(What you are asked to do) Below are the entries; return every line among them that holds the word "only".

══ Provided records ══

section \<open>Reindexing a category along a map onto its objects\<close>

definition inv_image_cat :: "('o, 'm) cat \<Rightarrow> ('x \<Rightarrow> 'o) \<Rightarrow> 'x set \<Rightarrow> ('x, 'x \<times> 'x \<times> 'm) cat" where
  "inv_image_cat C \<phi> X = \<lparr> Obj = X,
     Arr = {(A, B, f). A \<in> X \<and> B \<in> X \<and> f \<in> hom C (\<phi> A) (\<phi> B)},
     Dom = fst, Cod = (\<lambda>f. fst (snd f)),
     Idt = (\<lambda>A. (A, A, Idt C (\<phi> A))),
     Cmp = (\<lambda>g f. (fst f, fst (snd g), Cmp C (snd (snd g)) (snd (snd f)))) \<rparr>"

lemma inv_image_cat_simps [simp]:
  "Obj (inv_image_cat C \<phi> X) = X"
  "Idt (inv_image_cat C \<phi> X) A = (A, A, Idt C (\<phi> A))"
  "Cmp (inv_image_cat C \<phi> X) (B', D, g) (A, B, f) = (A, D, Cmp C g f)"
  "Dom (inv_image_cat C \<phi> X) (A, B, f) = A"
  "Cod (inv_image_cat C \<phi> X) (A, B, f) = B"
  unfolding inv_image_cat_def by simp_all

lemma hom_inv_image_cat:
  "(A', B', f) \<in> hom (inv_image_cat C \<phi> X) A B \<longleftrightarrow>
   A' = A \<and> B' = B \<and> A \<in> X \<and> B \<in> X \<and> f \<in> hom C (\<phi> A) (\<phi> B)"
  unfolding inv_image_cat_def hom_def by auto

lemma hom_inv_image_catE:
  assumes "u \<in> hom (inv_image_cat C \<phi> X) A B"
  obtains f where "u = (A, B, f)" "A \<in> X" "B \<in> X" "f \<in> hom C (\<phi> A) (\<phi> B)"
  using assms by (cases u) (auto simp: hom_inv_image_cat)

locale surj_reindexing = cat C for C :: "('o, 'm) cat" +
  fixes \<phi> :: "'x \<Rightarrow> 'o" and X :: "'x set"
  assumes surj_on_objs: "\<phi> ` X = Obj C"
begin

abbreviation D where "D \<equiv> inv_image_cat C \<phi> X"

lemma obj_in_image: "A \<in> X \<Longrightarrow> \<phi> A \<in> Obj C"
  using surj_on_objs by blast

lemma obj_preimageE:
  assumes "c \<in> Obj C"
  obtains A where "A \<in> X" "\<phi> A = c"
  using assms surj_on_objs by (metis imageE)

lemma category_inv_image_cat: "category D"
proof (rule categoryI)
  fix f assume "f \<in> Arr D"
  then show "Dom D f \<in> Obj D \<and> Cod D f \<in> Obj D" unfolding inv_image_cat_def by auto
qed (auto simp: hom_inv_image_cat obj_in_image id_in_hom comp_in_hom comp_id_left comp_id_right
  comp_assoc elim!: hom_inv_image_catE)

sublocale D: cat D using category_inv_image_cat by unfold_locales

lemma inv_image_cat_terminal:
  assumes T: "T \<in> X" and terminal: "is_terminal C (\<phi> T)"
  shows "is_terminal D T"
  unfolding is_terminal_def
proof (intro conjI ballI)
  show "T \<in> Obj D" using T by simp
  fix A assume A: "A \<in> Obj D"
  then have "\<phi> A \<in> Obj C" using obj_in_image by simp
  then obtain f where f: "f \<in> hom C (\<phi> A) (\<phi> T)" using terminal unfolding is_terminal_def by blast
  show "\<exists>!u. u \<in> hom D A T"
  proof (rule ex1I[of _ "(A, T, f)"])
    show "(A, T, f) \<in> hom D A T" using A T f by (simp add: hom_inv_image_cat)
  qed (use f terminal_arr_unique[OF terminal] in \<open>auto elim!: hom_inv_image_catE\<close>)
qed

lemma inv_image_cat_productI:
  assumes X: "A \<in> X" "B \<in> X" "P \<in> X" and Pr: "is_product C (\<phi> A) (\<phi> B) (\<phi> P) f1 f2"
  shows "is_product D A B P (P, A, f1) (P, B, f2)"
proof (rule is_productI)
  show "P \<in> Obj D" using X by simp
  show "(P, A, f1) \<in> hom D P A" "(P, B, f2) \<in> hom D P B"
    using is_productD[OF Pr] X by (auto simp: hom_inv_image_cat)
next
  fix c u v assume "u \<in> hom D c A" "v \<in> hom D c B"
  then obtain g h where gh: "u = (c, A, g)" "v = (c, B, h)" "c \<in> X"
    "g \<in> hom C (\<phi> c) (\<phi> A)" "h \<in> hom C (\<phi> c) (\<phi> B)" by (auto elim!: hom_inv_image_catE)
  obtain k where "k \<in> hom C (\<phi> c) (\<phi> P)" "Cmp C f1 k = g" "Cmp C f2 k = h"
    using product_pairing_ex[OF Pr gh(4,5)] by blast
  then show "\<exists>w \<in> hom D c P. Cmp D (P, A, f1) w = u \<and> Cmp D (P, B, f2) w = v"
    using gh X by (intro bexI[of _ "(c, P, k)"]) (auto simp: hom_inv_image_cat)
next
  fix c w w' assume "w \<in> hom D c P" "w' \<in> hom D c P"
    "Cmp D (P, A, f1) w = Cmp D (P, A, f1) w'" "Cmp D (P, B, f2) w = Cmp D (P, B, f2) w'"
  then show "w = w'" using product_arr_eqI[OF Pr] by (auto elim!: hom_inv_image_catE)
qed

═══
══ Provided records ══

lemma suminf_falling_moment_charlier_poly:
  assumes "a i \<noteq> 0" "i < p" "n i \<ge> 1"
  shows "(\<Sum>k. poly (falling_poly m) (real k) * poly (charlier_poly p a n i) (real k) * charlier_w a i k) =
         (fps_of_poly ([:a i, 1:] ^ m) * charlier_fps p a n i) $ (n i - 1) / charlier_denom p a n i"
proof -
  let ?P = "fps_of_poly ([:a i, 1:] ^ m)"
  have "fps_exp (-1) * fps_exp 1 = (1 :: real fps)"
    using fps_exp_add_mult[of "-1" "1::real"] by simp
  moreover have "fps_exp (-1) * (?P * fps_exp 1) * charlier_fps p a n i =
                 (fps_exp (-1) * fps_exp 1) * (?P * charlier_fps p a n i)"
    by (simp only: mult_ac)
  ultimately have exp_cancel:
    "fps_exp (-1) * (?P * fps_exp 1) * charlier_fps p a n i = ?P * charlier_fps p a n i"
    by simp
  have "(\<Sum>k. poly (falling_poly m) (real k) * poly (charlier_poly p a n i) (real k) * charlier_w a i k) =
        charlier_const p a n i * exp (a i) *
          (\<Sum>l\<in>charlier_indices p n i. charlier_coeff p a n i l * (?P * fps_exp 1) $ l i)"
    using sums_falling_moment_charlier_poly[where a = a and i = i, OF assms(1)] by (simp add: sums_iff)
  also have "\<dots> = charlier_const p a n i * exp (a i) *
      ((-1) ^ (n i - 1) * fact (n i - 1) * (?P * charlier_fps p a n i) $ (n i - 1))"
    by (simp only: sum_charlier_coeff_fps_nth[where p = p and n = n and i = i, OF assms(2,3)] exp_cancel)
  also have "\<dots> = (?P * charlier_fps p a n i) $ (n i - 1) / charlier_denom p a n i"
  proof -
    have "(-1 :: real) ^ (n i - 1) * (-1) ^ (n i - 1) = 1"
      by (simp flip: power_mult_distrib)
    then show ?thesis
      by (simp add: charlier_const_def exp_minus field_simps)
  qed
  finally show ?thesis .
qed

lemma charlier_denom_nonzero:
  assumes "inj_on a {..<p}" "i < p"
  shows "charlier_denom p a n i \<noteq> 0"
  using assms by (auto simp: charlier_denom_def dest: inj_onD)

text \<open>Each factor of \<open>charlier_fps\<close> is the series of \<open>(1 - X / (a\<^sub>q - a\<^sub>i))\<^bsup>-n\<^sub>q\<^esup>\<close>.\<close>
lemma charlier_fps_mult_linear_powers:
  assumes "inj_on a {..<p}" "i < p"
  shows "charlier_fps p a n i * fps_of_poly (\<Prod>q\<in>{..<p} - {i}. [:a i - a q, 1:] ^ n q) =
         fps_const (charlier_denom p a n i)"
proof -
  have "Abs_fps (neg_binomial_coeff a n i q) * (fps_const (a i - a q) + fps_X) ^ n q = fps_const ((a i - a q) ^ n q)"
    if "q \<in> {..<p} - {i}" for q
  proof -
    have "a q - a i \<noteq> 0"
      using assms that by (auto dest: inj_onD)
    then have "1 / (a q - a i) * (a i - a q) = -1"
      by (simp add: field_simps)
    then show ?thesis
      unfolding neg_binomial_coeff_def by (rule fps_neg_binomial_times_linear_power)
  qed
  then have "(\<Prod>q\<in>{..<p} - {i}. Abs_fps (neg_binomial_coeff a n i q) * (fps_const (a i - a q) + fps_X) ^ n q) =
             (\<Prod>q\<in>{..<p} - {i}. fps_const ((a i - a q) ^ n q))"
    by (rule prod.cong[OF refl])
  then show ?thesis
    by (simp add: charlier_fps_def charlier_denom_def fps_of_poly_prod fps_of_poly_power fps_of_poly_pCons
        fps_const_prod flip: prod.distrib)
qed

═══

(Answer section)
    by (simp only: mult_ac)
    by (simp only: sum_charlier_coeff_fps_nth[where p = p and n = n and i = i, OF assms(2,3)] exp_cancel)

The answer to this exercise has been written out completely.